Is the nVidia GT650M used in the new Macbook Pros a Kepler device? Or is it some older Fermi model.
Christian
Is the nVidia GT650M used in the new Macbook Pros a Kepler device? Or is it some older Fermi model.
Christian
Update: I found a table on an nVidia site which lists the device as being a Compute 3.0 part. Still if someone could post a deviceQuery for this chip, I’d be grateful.
Yes it seems to be Kepler,
“Based on the next-generation NVIDIA Kepler graphics architecture, the GeForce GT 650M offers unprecedented performance and extreme energy efficiency, giving it the muscle to process the 5,184,000 pixels in the next-gen MacBook Pro’s ultra high-resolution display. The GeForce GT 650M is not only up to the task, it maximizes power efficiency along the way.”
http://benchmarkreviews.com/index.php?option=com_content&task=view&id=19066&Itemid=99999999
Found 1 CUDA Capable device(s)
Device 0: "GeForce GT 650M"
CUDA Driver Version / Runtime Version 4.2 / 4.2
CUDA Capability Major/Minor version number: 3.0
Total amount of global memory: 2048 MBytes (2147483648 bytes)
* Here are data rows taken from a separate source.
(* Let $M,N$ be integers with $N\ge0$, and let $\phi\in\mathcal{D}_N^M$ be a refinable function with $\widehat\phi(0)\ne0$. Then there exist complex numbers $h_k$, $k=0,\dots,p^{N+1}-1$, with $\phi(x)=\sum_{k=0}^{p^{N+1}-1}h_k\phi\big(\frac{x}{p}-\frac{k}{p^{N+1}}\big)$ for all $x\in\mathbb{Q}_p$, and for $m_0(\xi)=\frac1p\sum_{k=0}^{p^{N+1}-1}h_k\chi_p(k\xi)$ one has $$\widehat\phi(\xi)=\widehat\phi(0)\prod_{j=0}^{\infty}m_0\Big(\frac{\xi}{p^{N-j}}\Big)\qquad\text{for all }\xi\in\mathbb{Q}_p .$$
   Context: $p$ is a prime, $\mathbb{Q}_p$ the field of $p$-adic numbers with norm $|\cdot|_p$. The fractional part of $x=p^{\gamma}\sum_{j\ge0}x_jp^j$ ($x_j\in\{0,\dots,p-1\}$, $x_0\ne0$) is $\{x\}_p=p^{\gamma}\sum_{j=0}^{-\gamma-1}x_jp^j$, $\{0\}_p=0$; $\chi_p(x)=e^{2\pi i\{x\}_p}$; $I_p=\{a:\{a\}_p=a\}$; $B_\gamma(a)=\{x:|x-a|_p\le p^\gamma\}$. $dx$ is Haar measure with $B_0(0)$ of measure 1, and $\widehat f(\xi)=\int\chi_p(\xi x)f(x)\,dx$. A test function is a locally constant compactly supported complex function on $\mathbb{Q}_p$ (locally constant: for each $x$ there is $l\in\mathbb{Z}$ with $f(x+y)=f(x)$ for all $y\in B_l(0)$). $\mathcal{D}_N^M$ denotes the set of test functions $\phi$ that are $p^M$-periodic ($\phi(x+p^M)=\phi(x)$ for all $x$) and supported in $B_N(0)$; equivalently, locally constant $\phi$ with $\operatorname{supp}\phi\subset B_N(0)$ and $\operatorname{supp}\widehat\phi\subset B_M(0)$. A function $\phi\in L^2(\mathbb{Q}_p)$ is refinable if $\phi(x)=\sum_{a\in I_p}\alpha_a\phi(p^{-1}x-a)$ for some complex $\alpha_a$ (convergence in $L^2$). *)

theory Defs
  imports Complex_Main "HOL-Computational_Algebra.Primes"
begin

text \<open>An element x of Q_p is encoded by the function n \<mapsto> (x mod p^n Z_p), n an integer,
  where the class of x in Q_p / p^n Z_p = Z[1/p] / p^n Z is represented by its unique
  representative in the rational interval [0, p^n) with p-power denominator.
  In terms of the digit expansion x = sum_j x_j p^j one has (x mod p^n Z_p) = sum_{j<n} x_j p^j.
  The carrier of all such codes is Qp p.\<close>

type_synonym padic = "int \<Rightarrow> rat"

definition ppow :: "nat \<Rightarrow> int \<Rightarrow> rat" where
  "ppow p n = (of_nat p) powi n"

definition rmod :: "nat \<Rightarrow> rat \<Rightarrow> int \<Rightarrow> rat" where
  "rmod p q n = q - ppow p n * of_int \<lfloor>q / ppow p n\<rfloor>"

definition zinvp :: "nat \<Rightarrow> rat \<Rightarrow> bool" where
  "zinvp p q \<longleftrightarrow> (\<exists>k::int. \<exists>m::nat. q = of_int k / (of_nat p) ^ m)"

definition Qp :: "nat \<Rightarrow> padic set" where
  "Qp p = {x. (\<forall>n. zinvp p (x n) \<and> 0 \<le> x n \<and> x n < ppow p n \<and> x n = rmod p (x (n + 1)) n)
              \<and> (\<exists>b. \<forall>n\<le>b. x n = 0)}"

definition emb :: "nat \<Rightarrow> rat \<Rightarrow> padic" where
  "emb p q = (\<lambda>n. rmod p q n)"

definition pzero :: "nat \<Rightarrow> padic" where
  "pzero p = emb p 0"

definition padd :: "nat \<Rightarrow> padic \<Rightarrow> padic \<Rightarrow> padic" where
  "padd p x y = (\<lambda>n. rmod p (x n + y n) n)"

definition pneg :: "nat \<Rightarrow> padic \<Rightarrow> padic" where
  "pneg p x = (\<lambda>n. rmod p (- x n) n)"

definition psub :: "nat \<Rightarrow> padic \<Rightarrow> padic \<Rightarrow> padic" where
  "psub p x y = padd p x (pneg p y)"

definition lowb :: "padic \<Rightarrow> int" where
  "lowb x = (SOME b. \<forall>n\<le>b. x n = 0)"

text \<open>Multiplication: x*y mod p^n is determined by x mod p^m and y mod p^m for
  m \<ge> n - min(v(x), v(y)).\<close>
definition pmul :: "nat \<Rightarrow> padic \<Rightarrow> padic \<Rightarrow> padic" where
  "pmul p x y = (\<lambda>n. let m = n - min (lowb x) (lowb y) in rmod p (x m * y m) n)"

text \<open>p-adic norm |x|_p = p^(-v(x)), where x_j = 0 for j < v(x) and x_{v(x)} \<noteq> 0.\<close>
definition pnorm :: "nat \<Rightarrow> padic \<Rightarrow> real" where
  "pnorm p x = (if (\<forall>n. x n = 0) then 0
                else real_of_rat (ppow p (- (GREATEST b. \<forall>n\<le>b. x n = 0))))"

text \<open>Fractional part {x}_p = sum_{j<0} x_j p^j, i.e. x mod Z_p.\<close>
definition pfrac :: "padic \<Rightarrow> rat" where
  "pfrac x = x 0"

definition chi :: "padic \<Rightarrow> complex" where
  "chi x = cis (2 * pi * real_of_rat (pfrac x))"

definition Ip :: "nat \<Rightarrow> padic set" where
  "Ip p = {a \<in> Qp p. emb p (pfrac a) = a}"

definition locally_constant :: "nat \<Rightarrow> (padic \<Rightarrow> complex) \<Rightarrow> bool" where
  "locally_constant p f \<longleftrightarrow>
     (\<forall>x\<in>Qp p. \<exists>l::int. \<forall>y\<in>Qp p. pnorm p y \<le> real_of_rat (ppow p l) \<longrightarrow> f (padd p x y) = f x)"

definition supported_in_ball :: "nat \<Rightarrow> int \<Rightarrow> (padic \<Rightarrow> complex) \<Rightarrow> bool" where
  "supported_in_ball p N f \<longleftrightarrow> (\<forall>x\<in>Qp p. f x \<noteq> 0 \<longrightarrow> pnorm p x \<le> real_of_rat (ppow p N))"

text \<open>Compactly supported = support contained in some ball B_N(0) (compact subsets of Q_p are bounded).\<close>
definition test_fun :: "nat \<Rightarrow> (padic \<Rightarrow> complex) \<Rightarrow> bool" where
  "test_fun p f \<longleftrightarrow> locally_constant p f \<and> (\<exists>N. supported_in_ball p N f)"

definition DNM :: "nat \<Rightarrow> int \<Rightarrow> int \<Rightarrow> (padic \<Rightarrow> complex) \<Rightarrow> bool" where
  "DNM p N M f \<longleftrightarrow> test_fun p f
     \<and> (\<forall>x\<in>Qp p. f (padd p x (emb p (ppow p M))) = f x)
     \<and> supported_in_ball p N f"
lemma zero_reaches_at_distance:
  "t < n \<Longrightarrow> zero_reaches n c (i - int t) i \<longleftrightarrow> t \<le> left_run c i + 1 \<or> n \<le> t + right_run c i + 1"
  by (auto simp: zero_reaches_def mod_pos_pos_trivial)

lemma run_lengths_le:
  fixes p q p' q' :: nat
  assumes "\<And>t. 0 < t \<Longrightarrow> t < n \<Longrightarrow> (t \<le> p + 1 \<or> n \<le> t + q + 1) \<longleftrightarrow> (t \<le> p' + 1 \<or> n \<le> t + q' + 1)"
    and "\<not> n \<le> p + q + 3"
  shows "p' \<le> p" "q' \<le> q"
  using assms(1)[of "p + 2"] assms(1)[of "n - q - 2"] assms(2) by auto

lemma run_lengths_determined:
  fixes p q p' q' :: nat
  assumes "\<And>t. 0 < t \<Longrightarrow> t < n \<Longrightarrow> (t \<le> p + 1 \<or> n \<le> t + q + 1) \<longleftrightarrow> (t \<le> p' + 1 \<or> n \<le> t + q' + 1)"
  shows "n \<le> p + q + 3 \<and> n \<le> p' + q' + 3 \<or> p = p' \<and> q = q'"
proof -
  have sym: "\<And>t. 0 < t \<Longrightarrow> t < n \<Longrightarrow> (t \<le> p' + 1 \<or> n \<le> t + q' + 1) \<longleftrightarrow> (t \<le> p + 1 \<or> n \<le> t + q + 1)"
    using assms by blast
  show ?thesis
    using run_lengths_le[OF assms] run_lengths_le[OF sym] by fastforce
qed
lemma word_action_a_letters:
  assumes "(C, h, c) \<in> states"
  shows "word_action act_letter (a_letters i) ((C, h, c), j) =
    (if j = 1 \<and> h = [] \<and> c = 0 then ((a_word i <#\<^bsub>F2\<^esub> C, h, c), j) else ((C, h, c), j))"
proof -
  have h: "reduced_word h"
    using assms by (simp add: states_def)
  consider "j = 1" | "j \<in> {2, 3}" | "j \<in> {-2, -1, 0}" | "j \<notin> {-2, -1, 0, 1, 2, 3}"
    by fastforce
  then show ?thesis
  proof cases
    case 1
    then show ?thesis
      using a_letters_levels_at_1[OF assms] by (simp add: word_action_a_letters_levels)
  next
    case 2
    then have "y_move (j + 1) = id" "y_move_inv (j + 1) = id"
      by (auto simp: y_move_other y_move_inv_other)
    then show ?thesis
      using 2 assms by (auto simp: word_action_a_letters_levels y_move_inv_pow_cancel y_move_pow_states)
  next
    case 3
    then show ?thesis
      using h by (auto simp: word_action_a_letters_levels y_move_pow y_move_inv_pow
          reg_move_counter_pow reg_move_other reg_move_inv_other reduce_word_reduced)
  next
    case 4
    then show ?thesis
      by (simp add: word_action_a_letters_levels y_move_other y_move_inv_other)
  qed
qed

section \<open>The action on left cosets of a subgroup of Fbar\<close>

definition points :: "letter list set \<Rightarrow> point set" where
  "points K = {((C, h, c), j). C \<in> (\<lambda>g. g <#\<^bsub>F2\<^esub> K) ` Fbar \<and> reduced_word h}"

definition Fbar_action :: "letter list \<Rightarrow> point \<Rightarrow> point" where
  "Fbar_action f p = (case p of ((C, h, c), j) \<Rightarrow>
     if j = 1 \<and> h = [] \<and> c = 0 then ((f <#\<^bsub>F2\<^esub> C, h, c), j) else p)"

lemma pointsE:
  assumes "p \<in> points K"
  obtains g h c j where "p = ((g <#\<^bsub>F2\<^esub> K, h, c), j)" "g \<in> Fbar" "reduced_word h"
  using assms by (auto simp: points_def)

locale Fbar_coset_action =
  fixes K :: "letter list set"
  assumes subgroup_K: "subgroup K F2"
begin

lemma K_subset_carrier: "K \<subseteq> carrier F2"
  using subgroup.subset[OF subgroup_K] .

lemma points_states: "((C, h, c), j) \<in> points K \<Longrightarrow> (C, h, c) \<in> states"
  unfolding points_def states_def
  using F2.l_coset_subset_G[OF K_subset_carrier] Fbar_subset_carrier by blast

lemma coset_mult:
  "f \<in> carrier F2 \<Longrightarrow> g \<in> carrier F2 \<Longrightarrow> f <#\<^bsub>F2\<^esub> (g <#\<^bsub>F2\<^esub> K) = (f \<otimes>\<^bsub>F2\<^esub> g) <#\<^bsub>F2\<^esub> K"
  by (rule F2.lcos_m_assoc[OF K_subset_carrier])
( 2) Multiprocessors x (192) CUDA Cores/MP: 384 CUDA Cores
GPU Clock rate: 405 MHz (0.41 GHz)
Memory Clock rate: 2000 Mhz
Memory Bus Width: 128-bit
L2 Cache Size: 524288 bytes
Max Texture Dimension Size (x,y,z) 1D=(65536), 2D=(65536,65536), 3
D=(4096,4096,4096)
Max Layered Texture Size (dim) x layers 1D=(16384) x 2048, 2D=(16384,16
384) x 2048
Total amount of constant memory: 65536 bytes
Total amount of shared memory per block: 49152 bytes
Total number of registers available per block: 65536
Warp size: 32
Maximum number of threads per multiprocessor: 2048
Maximum number of threads per block: 1024
Maximum sizes of each dimension of a block: 1024 x 1024 x 64
Maximum sizes of each dimension of a grid: 2147483647 x 65535 x 65535
Maximum memory pitch: 2147483647 bytes
Texture alignment: 512 bytes
Concurrent copy and execution: Yes with 1 copy engine(s)
Run time limit on kernels: Yes
Integrated GPU sharing Host Memory: No
Support host page-locked memory mapping: Yes
Concurrent kernel execution: Yes
Alignment requirement for Surfaces: Yes
Device has ECC support enabled: No
Device is using TCC driver mode: No
Device supports Unified Addressing (UVA): No
Device PCI Bus ID / PCI location ID: 1 / 0
Compute Mode:
< Default (multiple host threads can use ::cudaSetDevice() with device simu
ltaneously) >
Thanks! We are considering shipping our simulation environment on a laptop with this GPU, however what worries me is the narrow 128 bit memory interface. I am concerned about the achievable memory bandwidth and whether it would be limiting to our application.
No problem External Image
Here is a recent forum post where I achieve 76% utilization on this laptop : The Official NVIDIA Forums | NVIDIA
It seems to be generally a bit harder to achieve a high bandwidth utilization on Kepler compared to Fermi, I also attribute this to the thin memory interfaces.